*** Entries provided Section Begins ***
(* Let $H$ be an even graph (every vertex of even degree) properly embedded in an oriented surface, with edge weights $K_{xy}$ (and fixed square roots $\sqrt{K_{xy}}$). Then \[ \prod_{xy\in E(H)}K_{xy}=\sum_{(M_v)_{v\in V(H)}}\ \prod_{v\in V(H)}(-1)^{\mathrm{cr}(M_v)}\prod_{\{xv,vz\}\in M_v}\sqrt{K_{xv}K_{vz}}, \] where the sum is over all families $(M_v)_{v}$ in which each $M_v$ is a perfect matching of the complete graph $\iota(v,H)$ whose vertex set is the set of edges of $H$ incident to $v$.
   Context: For a perfect matching $M_v$ of $\iota(v,H)$, $\mathrm{cr}(M_v)$ is the number of pairs of matched pairs $\{e_1,e_2\},\{h_1,h_2\}\in M_v$ that cross at $v$, i.e. satisfy $e_1<h_1<e_2<h_2$ in the cyclic order of edges around $v$ induced by the orientation of the surface. *)

theory Defs
  imports "HOL-Library.FuncSet"
begin

definition simple_graph :: "'v set \<Rightarrow> 'v set set \<Rightarrow> bool" where
  "simple_graph V E \<longleftrightarrow> finite V \<and>
     (\<forall>e\<in>E. \<exists>x y. x \<in> V \<and> y \<in> V \<and> x \<noteq> y \<and> e = {x, y})"

definition incident :: "'v set set \<Rightarrow> 'v \<Rightarrow> 'v set set" where
  "incident E v = {e \<in> E. v \<in> e}"

definition even_graph :: "'v set \<Rightarrow> 'v set set \<Rightarrow> bool" where
  "even_graph V E \<longleftrightarrow> (\<forall>v\<in>V. even (card (incident E v)))"

text \<open>Rotation system: at each vertex a list enumerating the incident edges, read
  cyclically (the cyclic order induced by the orientation of the surface).\<close>
definition rotation_system :: "'v set \<Rightarrow> 'v set set \<Rightarrow> ('v \<Rightarrow> 'v set list) \<Rightarrow> bool" where
  "rotation_system V E rot \<longleftrightarrow>
     (\<forall>v\<in>V. distinct (rot v) \<and> set (rot v) = incident E v)"

definition perfect_matchings :: "'a set \<Rightarrow> 'a set set set" where
  "perfect_matchings S = {M. (\<forall>p\<in>M. \<exists>a b. a \<in> S \<and> b \<in> S \<and> a \<noteq> b \<and> p = {a, b})
      \<and> (\<forall>p\<in>M. \<forall>q\<in>M. p \<noteq> q \<longrightarrow> p \<inter> q = {}) \<and> \<Union>M = S}"

text \<open>Two matched pairs p, q cross w.r.t. the cyclic order given by xs:
  p = {e1,e2}, q = {h1,h2} with e1 < h1 < e2 < h2 (up to rotation, which is
  equivalent to this linear condition with the roles of p and q possibly swapped).\<close>
definition crosses :: "'a list \<Rightarrow> 'a set \<Rightarrow> 'a set \<Rightarrow> bool" where
  "crosses xs p q \<longleftrightarrow> (\<exists>i j k l. i < j \<and> j < k \<and> k < l \<and> l < length xs \<and>
      p = {xs ! i, xs ! k} \<and> q = {xs ! j, xs ! l})"

definition cr :: "'a list \<Rightarrow> 'a set set \<Rightarrow> nat" where
  "cr xs M = card {{p, q} | p q. p \<in> M \<and> q \<in> M \<and> crosses xs p q}"

end

theory Submission
  imports Defs
begin

(* Both sides factor over the vertices.  Expanding the product of
   per-vertex sums (prod_sum_PiE), the right-hand side equals
   \<Prod>v. \<Sum>M. (-1)^cr(M) \<Prod>p\<in>M. \<Prod>e\<in>p. sqrtK e.  For every perfect matching M of
   the edges at v the weight \<Prod>p\<in>M. \<Prod>e\<in>p. sqrtK e is simply \<Prod>e at v. sqrtK e,
   so the vertex factor is (\<Sum>M. (-1)^cr(M)) * \<Prod>e at v. sqrtK e.  The core of
   the proof is the purely combinatorial identity

        \<Sum> over perfect matchings M of 2n points on a circle of (-1)^cr(M) = 1,

   proved by induction: match the first point x with some y; the crossings
   created by the pair {x,y} have the parity of the number of points strictly
   between x and y, and the resulting alternating sum over y is 1.  We phrase it
   for points ranked by an injective map r into nat and transfer it to the
   list-based crossing count cr.  Finally every edge has exactly two endpoints,
   so \<Prod>v \<Prod>e at v. sqrtK e = \<Prod>e. sqrtK e ^ 2 = \<Prod>e. K e. *)

lemma alternating_rank_sum:
  assumes "finite T" "inj_on (r :: 'a \<Rightarrow> nat) T"
  shows "(\<Sum>y\<in>T. (-1::'b::comm_ring_1) ^ card {z\<in>T. r z < r y}) = (if even (card T) then 0 else 1)"
  using assms
proof (induction "card T" arbitrary: T rule: less_induct)
  case less
  show ?case
  proof (cases "T = {}")
    case False
    obtain m where m: "m \<in> T" "r m = Max (r ` T)"
      using False less.prems by (metis (mono_tags, lifting) Max_in finite_imageI image_iff image_is_empty)
    have top: "r z < r m" if "z \<in> T - {m}" for z
    proof -
      have "r z \<le> r m" using that m less.prems(1) by simp
      moreover have "r z \<noteq> r m" using that m(1) less.prems(2) by (auto dest: inj_onD)
      ultimately show ?thesis by simp
    qed
    let ?T = "T - {m}"
    have IH: "(\<Sum>y\<in>?T. (-1::'b) ^ card {z\<in>?T. r z < r y}) = (if even (card ?T) then 0 else 1)"
      using less.hyps[OF card_Diff1_less[OF less.prems(1) m(1)]] less.prems by (simp add: inj_on_diff)
    have below_other: "{z\<in>T. r z < r y} = {z\<in>?T. r z < r y}" if "y \<in> ?T" for y
      using top[OF that] by auto
    have below_top: "{z\<in>T. r z < r m} = ?T"
      using top by auto
    have "(\<Sum>y\<in>T. (-1::'b) ^ card {z\<in>T. r z < r y})
        = (-1) ^ card {z\<in>T. r z < r m} + (\<Sum>y\<in>?T. (-1::'b) ^ card {z\<in>T. r z < r y})"
      using m(1) less.prems(1) by (simp add: sum.remove)
    also have "\<dots> = (-1) ^ card ?T + (\<Sum>y\<in>?T. (-1::'b) ^ card {z\<in>?T. r z < r y})"
      using below_other below_top by simp
    also have "\<dots> = (if even (card T) then 0 else 1)"
      using IH m(1) less.prems(1) False by (cases "card T") (auto simp: card_Diff_singleton)
    finally show ?thesis .
  qed simp
qed

section \<open>Perfect matchings\<close>

lemma perfect_matching_pair:
  "M \<in> perfect_matchings S \<Longrightarrow> p \<in> M \<Longrightarrow> \<exists>a b. a \<in> S \<and> b \<in> S \<and> a \<noteq> b \<and> p = {a, b}"
  unfolding perfect_matchings_def by blast

lemma perfect_matching_disjoint:
  "M \<in> perfect_matchings S \<Longrightarrow> p \<in> M \<Longrightarrow> q \<in> M \<Longrightarrow> p \<noteq> q \<Longrightarrow> p \<inter> q = {}"
  unfolding perfect_matchings_def by blast

lemma perfect_matching_Union: "M \<in> perfect_matchings S \<Longrightarrow> \<Union>M = S"
  unfolding perfect_matchings_def by blast

lemma finite_perfect_matching: "finite S \<Longrightarrow> M \<in> perfect_matchings S \<Longrightarrow> finite M"
  using perfect_matching_Union by (metis finite_UnionD)

lemma finite_perfect_matchings: "finite S \<Longrightarrow> finite (perfect_matchings S)"
proof -
  assume "finite S"
  moreover have "perfect_matchings S \<subseteq> Pow (Pow S)"
    unfolding perfect_matchings_def by auto
  ultimately show ?thesis by (meson finite_Pow_iff finite_subset)
qed

lemma perfect_matching_remove_pair:
  assumes M: "M \<in> perfect_matchings S" and xy: "{x,y} \<in> M"
  shows "M - {{x,y}} \<in> perfect_matchings (S-{x,y})"
  unfolding perfect_matchings_def
proof (intro CollectI conjI)
  show "\<forall>q\<in>M - {{x,y}}. \<exists>a b. a \<in> S - {x,y} \<and> b \<in> S - {x,y} \<and> a \<noteq> b \<and> q = {a,b}"
  proof
    fix q assume q: "q \<in> M - {{x,y}}"
    then have "q \<inter> {x,y} = {}" using perfect_matching_disjoint[OF M] xy by blast
    then show "\<exists>a b. a \<in> S - {x,y} \<and> b \<in> S - {x,y} \<and> a \<noteq> b \<and> q = {a,b}"
      using perfect_matching_pair[OF M, of q] q by auto
  qed
  show "\<forall>q\<in>M - {{x,y}}. \<forall>q'\<in>M - {{x,y}}. q \<noteq> q' \<longrightarrow> q \<inter> q' = {}"
    using perfect_matching_disjoint[OF M] by blast
  show "\<Union>(M - {{x,y}}) = S - {x,y}"
    using perfect_matching_disjoint[OF M] perfect_matching_Union[OF M] xy by blast
qed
*** Entries provided Section Ends ***
» **What is being asked**: From the records above, extract exactly and only the lines that begin at the line with "equivalent to this" and stop after the line with "(r :: 'a \<Rightarrow>".

» **Response area**:
  equivalent to this linear condition with the roles of p and q possibly swapped).\<close>
definition crosses :: "'a list \<Rightarrow> 'a set \<Rightarrow> 'a set \<Rightarrow> bool" where
  "crosses xs p q \<longleftrightarrow> (\<exists>i j k l. i < j \<and> j < k \<and> k < l \<and> l < length xs \<and>
      p = {xs ! i, xs ! k} \<and> q = {xs ! j, xs ! l})"

definition cr :: "'a list \<Rightarrow> 'a set set \<Rightarrow> nat" where
  "cr xs M = card {{p, q} | p q. p \<in> M \<and> q \<in> M \<and> crosses xs p q}"

end

theory Submission
  imports Defs
begin

(* Both sides factor over the vertices.  Expanding the product of
   per-vertex sums (prod_sum_PiE), the right-hand side equals
   \<Prod>v. \<Sum>M. (-1)^cr(M) \<Prod>p\<in>M. \<Prod>e\<in>p. sqrtK e.  For every perfect matching M of
   the edges at v the weight \<Prod>p\<in>M. \<Prod>e\<in>p. sqrtK e is simply \<Prod>e at v. sqrtK e,
   so the vertex factor is (\<Sum>M. (-1)^cr(M)) * \<Prod>e at v. sqrtK e.  The core of
   the proof is the purely combinatorial identity

        \<Sum> over perfect matchings M of 2n points on a circle of (-1)^cr(M) = 1,

   proved by induction: match the first point x with some y; the crossings
   created by the pair {x,y} have the parity of the number of points strictly
   between x and y, and the resulting alternating sum over y is 1.  We phrase it
   for points ranked by an injective map r into nat and transfer it to the
   list-based crossing count cr.  Finally every edge has exactly two endpoints,
   so \<Prod>v \<Prod>e at v. sqrtK e = \<Prod>e. sqrtK e ^ 2 = \<Prod>e. K e. *)

lemma alternating_rank_sum:
  assumes "finite T" "inj_on (r :: 'a \<Rightarrow> nat) T"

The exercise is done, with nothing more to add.